On assiste à ces dérives parce que les magistrats se réfèrent à des textes juridiques répressifs mais aussi à leur conscience. « La notion de la conscience des magistrats dans l’appréciation d’une affaire ouvre la voie à un pouvoir d’interprétation considérable. Sachant que le magistrat fait partie de la société et que sa conscience en est empreinte », indique l’expert légal.

« Il n’y a qu’à voir les publications sur les réseaux sociaux de certains magistrats et avocats critiquant les dernières manifestations anti-régime sous un angle moralisateur pour constater à quel point ils sont rétrogrades », ajoute Maalaoui.

Les meilleurs quittent le métier

L’absence d’une sélectivité rigoureuse fait du domaine de la magistrature un système à deux vitesses, explique Faouzi Maalaoui. « Les plus médiocres se dirigent vers le droit pénal qui est plus facile comparé au droit civil ou fiscal par exemple. Au niveau académique s’ajoute le caractère du magistrat. En étant plus jeunes et inexpérimentés, les magistrats se montrent plus sévères dans la prononciation des peines privatives de liberté. C’est encore plus le cas lorsqu’il s’agit d’une magistrate. Le fait d’être rodé et d’avoir de l’expérience dans le domaine permettent de comprendre la complexité de l’être humain et qu’une peine de prison lourde ne résout pas toujours tout », souligne-t-il.

Pour l’avocat, c’est l’incompétence qui érode le système judiciaire plus que la corruption. Il plaide ainsi pour la hausse des revenus des magistrats pour rendre ce domaine plus compétitif. D’après lui, les plus brillants parmi les juristes ne choisissent plus la magistrature mais l’enseignement supérieur ou le barreau. «Beaucoup ont d’ailleurs démissionné pour ouvrir des cabinets d’avocats, quand d’autres sont partis travailler dans les pays du Golfe ». Et d’alerter : « Le fait que les meilleurs partent posent la problématique de la formation des nouveaux. Au-delà de la formation académique, l’exercice du métier passe par la transmission par les pairs. Si les plus compétents parmi eux ne sont plus là, qui va assurer une passation de qualité ? », s’inquiète-t-il.

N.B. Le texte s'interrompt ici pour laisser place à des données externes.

(* The category $\mathcal{C}(numOp)^{op}$ described in the context is not quasi-Gröbner.
   Context: Quasi-Gröbner categories. Let $\mathcal{C}$ be a small category and $c$ an object. An admissible order on the morphisms out of $c$ is a choice, for every object $c'$, of a well-order on $\mathrm{Hom}(c,c')$ such that $f\prec f'$ implies $g\circ f\prec g\circ f'$ for all $g$. On morphisms out of $c$ put the preorder $f\le g$ iff $g=h\circ f$ for some $h$; $|c/\mathcal{C}|$ is the associated poset. A poset is Noetherian if every sequence $x_1,x_2,\dots$ has $i<j$ with $x_i\le x_j$. $\mathcal{C}$ is Gröbner if for every object $c$: (G1) morphisms out of $c$ admit an admissible order, and (G2) $|c/\mathcal{C}|$ is Noetherian. A functor $\Phi:\mathcal{C}\to\mathcal{D}$ has property (F) if for every object $d$ of $\mathcal{D}$ there are finitely many objects $c_i$ of $\mathcal{C}$ and morphisms $f_i:d\to\Phi(c_i)$ such that every $f:d\to\Phi(c)$ factors as $\Phi(g)\circ f_i$ for some $i$ and $g:c_i\to c$. $\mathcal{D}$ is quasi-Gröbner if there is a Gröbner $\mathcal{C}$ and an essentially surjective functor $\mathcal{C}\to\mathcal{D}$ with property (F). Operadic graphs. A graph with half-edges is finite sets $V$, $H$, an involution $inv$ on $H$ and $t:H\to V$; fixed points of $inv$ are leaves, two-element orbits are edges. An operadic graph additionally has a total order on leaves (indexed $0,1,\dots$), for each vertex $v$ a total order on $t^{-1}(v)$, and a total order on $V$ (indexed $1,\dots,n$); considered up to isomorphism preserving all data. The category $\mathcal{C}(numOp)^{op}$: objects are connected operadic graphs with at least one vertex (loops, multiple edges and any number of leaves allowed). If $p$ has vertices $v_1<\dots<v_n$, a morphism $p\to q$ consists of such graphs $q_1,\dots,q_n$, $q_l$ having as many leaves as $v_l$ has half-edges, and a bijection $\bigsqcup_l V(q_l)\to V(q)$ order preserving on each $V(q_l)$, such that $q$ is obtained by substituting $q_l$ into $v_l$: the $i$-th leaf of $q_l$ is identified with the $i$-th half-edge of $v_l$; an edge of $p$ between the $i$-th half-edge of $v_j$ and the $k$-th half-edge of $v_l$ becomes an edge of $q$ between the $i$-th leaf of $q_j$ and the $k$-th leaf of $q_l$; if the $i$-th half-edge of $v_j$ is the $k$-th leaf of $p$ then the $i$-th leaf of $q_j$ is the $k$-th leaf of $q$; half-edge orders come from the $q_l$ and the vertex order of $q$ is transported along the bijection. Composition is iterated substitution. (This is the opposite of $\mathcal{C}(P)$ for $P$ the operad of modular operads, restricted to operations of non-zero arity.) *)

theory Defs
  imports Main
begin

record ('o, 'm) category =
  Ob  :: "'o set"
  Mor :: "'m set"
  Dom :: "'m \<Rightarrow> 'o"
  Cod :: "'m \<Rightarrow> 'o"
  Idm :: "'o \<Rightarrow> 'm"
  Cmp :: "'m \<Rightarrow> 'm \<Rightarrow> 'm"   (* Cmp C g f = g \<circ> f *)

definition Hom :: "('o, 'm, 'x) category_scheme \<Rightarrow> 'o \<Rightarrow> 'o \<Rightarrow> 'm set" where
  "Hom C a b = {f \<in> Mor C. Dom C f = a \<and> Cod C f = b}"

definition is_category :: "('o, 'm, 'x) category_scheme \<Rightarrow> bool" where
  "is_category C \<longleftrightarrow>
     (\<forall>f\<in>Mor C. Dom C f \<in> Ob C \<and> Cod C f \<in> Ob C) \<and>
     (\<forall>a\<in>Ob C. Idm C a \<in> Hom C a a) \<and>
     (\<forall>f\<in>Mor C. \<forall>g\<in>Mor C. Cod C f = Dom C g \<longrightarrow> Cmp C g f \<in> Hom C (Dom C f) (Cod C g)) \<and>
     (\<forall>f\<in>Mor C. Cmp C (Idm C (Cod C f)) f = f \<and> Cmp C f (Idm C (Dom C f)) = f) \<and>
     (\<forall>f\<in>Mor C. \<forall>g\<in>Mor C. \<forall>h\<in>Mor C. Cod C f = Dom C g \<longrightarrow> Cod C g = Dom C h \<longrightarrow>
        Cmp C h (Cmp C g f) = Cmp C (Cmp C h g) f)"

definition is_functor ::
  "('o, 'm, 'x) category_scheme \<Rightarrow> ('p, 'n, 'y) category_scheme \<Rightarrow> ('o \<Rightarrow> 'p) \<Rightarrow> ('m \<Rightarrow> 'n) \<Rightarrow> bool" where
  "is_functor C D Fo Fm \<longleftrightarrow>
     (\<forall>a\<in>Ob C. Fo a \<in> Ob D) \<and>
     (\<forall>f\<in>Mor C. Fm f \<in> Hom D (Fo (Dom C f)) (Fo (Cod C f))) \<and>
     (\<forall>a\<in>Ob C. Fm (Idm C a) = Idm D (Fo a)) \<and>
     (\<forall>f\<in>Mor C. \<forall>g\<in>Mor C. Cod C f = Dom C g \<longrightarrow> Fm (Cmp C g f) = Cmp D (Fm g) (Fm f))"

definition isomorphic :: "('o, 'm, 'x) category_scheme \<Rightarrow> 'o \<Rightarrow> 'o \<Rightarrow> bool" where
  "isomorphic C a b \<longleftrightarrow> (\<exists>f\<in>Hom C a b. \<exists>g\<in>Hom C b a.
       Cmp C g f = Idm C a \<and> Cmp C f g = Idm C b)"

definition essentially_surjective ::
  "('o, 'm, 'x) category_scheme \<Rightarrow> ('p, 'n, 'y) category_scheme \<Rightarrow> ('o \<Rightarrow> 'p) \<Rightarrow> bool" where
  "essentially_surjective C D Fo \<longleftrightarrow> (\<forall>d\<in>Ob D. \<exists>c\<in>Ob C. isomorphic D (Fo c) d)"

definition property_F ::
  "('o, 'm, 'x) category_scheme \<Rightarrow> ('p, 'n, 'y) category_scheme \<Rightarrow> ('o \<Rightarrow> 'p) \<Rightarrow> ('m \<Rightarrow> 'n) \<Rightarrow> bool" where
  "property_F C D Fo Fm \<longleftrightarrow>
     (\<forall>d\<in>Ob D. \<exists>I :: ('o \<times> 'n) set. finite I \<and>
        (\<forall>(ci, fi)\<in>I. ci \<in> Ob C \<and> fi \<in> Hom D d (Fo ci)) \<and>
        (\<forall>c\<in>Ob C. \<forall>f\<in>Hom D d (Fo c). \<exists>(ci, fi)\<in>I. \<exists>g\<in>Hom C ci c. f = Cmp D (Fm g) fi))"

text \<open>A well-order in the sense of
  the library (\<open>well_order_on\<close>) is reflexive; the strict order is \<open>f \<noteq> f'\<close> plus membership.\<close>
definition admissible_order :: "('o, 'm, 'x) category_scheme \<Rightarrow> 'o \<Rightarrow> ('o \<Rightarrow> 'm rel) \<Rightarrow> bool" where
  "admissible_order C c R \<longleftrightarrow>
     (\<forall>c'\<in>Ob C. well_order_on (Hom C c c') (R c')) \<and>
     (\<forall>c'\<in>Ob C. \<forall>c''\<in>Ob C. \<forall>f\<in>Hom C c c'. \<forall>f'\<in>Hom C c c'. \<forall>g\<in>Hom C c' c''.
        (f, f') \<in> R c' \<and> f \<noteq> f' \<longrightarrow>
        (Cmp C g f, Cmp C g f') \<in> R c'' \<and> Cmp C g f \<noteq> Cmp C g f')"

definition out_le :: "('o, 'm, 'x) category_scheme \<Rightarrow> 'm \<Rightarrow> 'm \<Rightarrow> bool" where
  "out_le C f g \<longleftrightarrow> (\<exists>h\<in>Mor C. Dom C h = Cod C f \<and> g = Cmp C h f)"

definition out_mor :: "('o, 'm, 'x) category_scheme \<Rightarrow> 'o \<Rightarrow> 'm set" where
  "out_mor C c = {f \<in> Mor C. Dom C f = c}"

text \<open>Noetherian condition for a (pre)ordered set: every sequence has i<j with x_i \<le> x_j.
  The poset |c/C| is Noetherian iff the preorder on its representatives is.\<close>
definition noetherian_on :: "'a set \<Rightarrow> ('a \<Rightarrow> 'a \<Rightarrow> bool) \<Rightarrow> bool" where
  "noetherian_on A le \<longleftrightarrow> (\<forall>s :: nat \<Rightarrow> 'a. (\<forall>k. s k \<in> A) \<longrightarrow> (\<exists>i j. i < j \<and> le (s i) (s j)))"

definition groebner :: "('o, 'm, 'x) category_scheme \<Rightarrow> bool" where
  "groebner C \<longleftrightarrow> (\<forall>c\<in>Ob C. (\<exists>R. admissible_order C c R) \<and> noetherian_on (out_mor C c) (out_le C))"

text \<open>D is quasi-Groebner via the Groebner category C and the functor (Fo, Fm).
  Quasi-Groebner means: this holds for some small category C (of some types).\<close>
definition quasi_groebner_via ::
  "('o, 'm, 'x) category_scheme \<Rightarrow> ('p, 'n, 'y) category_scheme \<Rightarrow> ('o \<Rightarrow> 'p) \<Rightarrow> ('m \<Rightarrow> 'n) \<Rightarrow> bool" where
  "quasi_groebner_via C D Fo Fm \<longleftrightarrow> is_category C \<and> groebner C \<and> is_functor C D Fo Fm \<and>
     essentially_surjective C D Fo \<and> property_F C D Fo Fm"

text \<open>Canonical representative of an isomorphism class of operadic graphs:
  vertices are 0..<n (in their order), the half-edges at vertex v are (v,0),...,(v,deg v - 1)
  (in their order), \<open>inv\<close> is the involution (identity outside the half-edges), and
  \<open>lvs\<close> lists the leaves in their order. Since all data is ordered these graphs are rigid,
  so isomorphism classes correspond exactly to well-formed records.\<close>
record ograph =
  deg :: "nat list"
  inv :: "nat \<times> nat \<Rightarrow> nat \<times> nat"
  lvs :: "(nat \<times> nat) list"

definition nv :: "ograph \<Rightarrow> nat" where "nv g = length (deg g)"

definition hes :: "ograph \<Rightarrow> (nat \<times> nat) set" where
  "hes g = {(v, i). v < nv g \<and> i < deg g ! v}"

definition wf_ograph :: "ograph \<Rightarrow> bool" where
  "wf_ograph g \<longleftrightarrow>
     (\<forall>h\<in>hes g. inv g h \<in> hes g \<and> inv g (inv g h) = h) \<and>
     (\<forall>h. h \<notin> hes g \<longrightarrow> inv g h = h) \<and>
     distinct (lvs g) \<and> set (lvs g) = {h \<in> hes g. inv g h = h}"

definition adj :: "ograph \<Rightarrow> (nat \<times> nat) set" where
  "adj g = {(v, w). \<exists>i j. (v, i) \<in> hes g \<and> inv g (v, i) = (w, j) \<and> (w, j) \<noteq> (v, i)}"

definition connected_og :: "ograph \<Rightarrow> bool" where
  "connected_og g \<longleftrightarrow> (\<forall>v < nv g. \<forall>w < nv g. (v, w) \<in> (adj g)\<^sup>*)"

D’après Fathi Zabaar, ayant lui-même été consultant dans des sessions de formations organisées par la société civile et dispensés aux magistrats sur les thématiques liées aux droits humains, le ministère de la Justice mais aussi les magistrats sont conscients du déficit dans l’acquisition des outils relatifs aux droits de l’Homme. Ces sessions ont permis la formation de 1600 magistrats aux droits civils et politiques. Par ailleurs, certains magistrats administratifs sont invités à suivre des sessions sur les droits économiques, sociaux et culturels.

Dans ce contexte, les appels à une refonte du pouvoir judiciaire sont récurrents. Face à ces défaillances, cette refonte doit commencer par le commencement, en l’occurrence la formation des magistrats. Difficile de remédier aux dérives du système avec une corporation composée de piètres magistrats.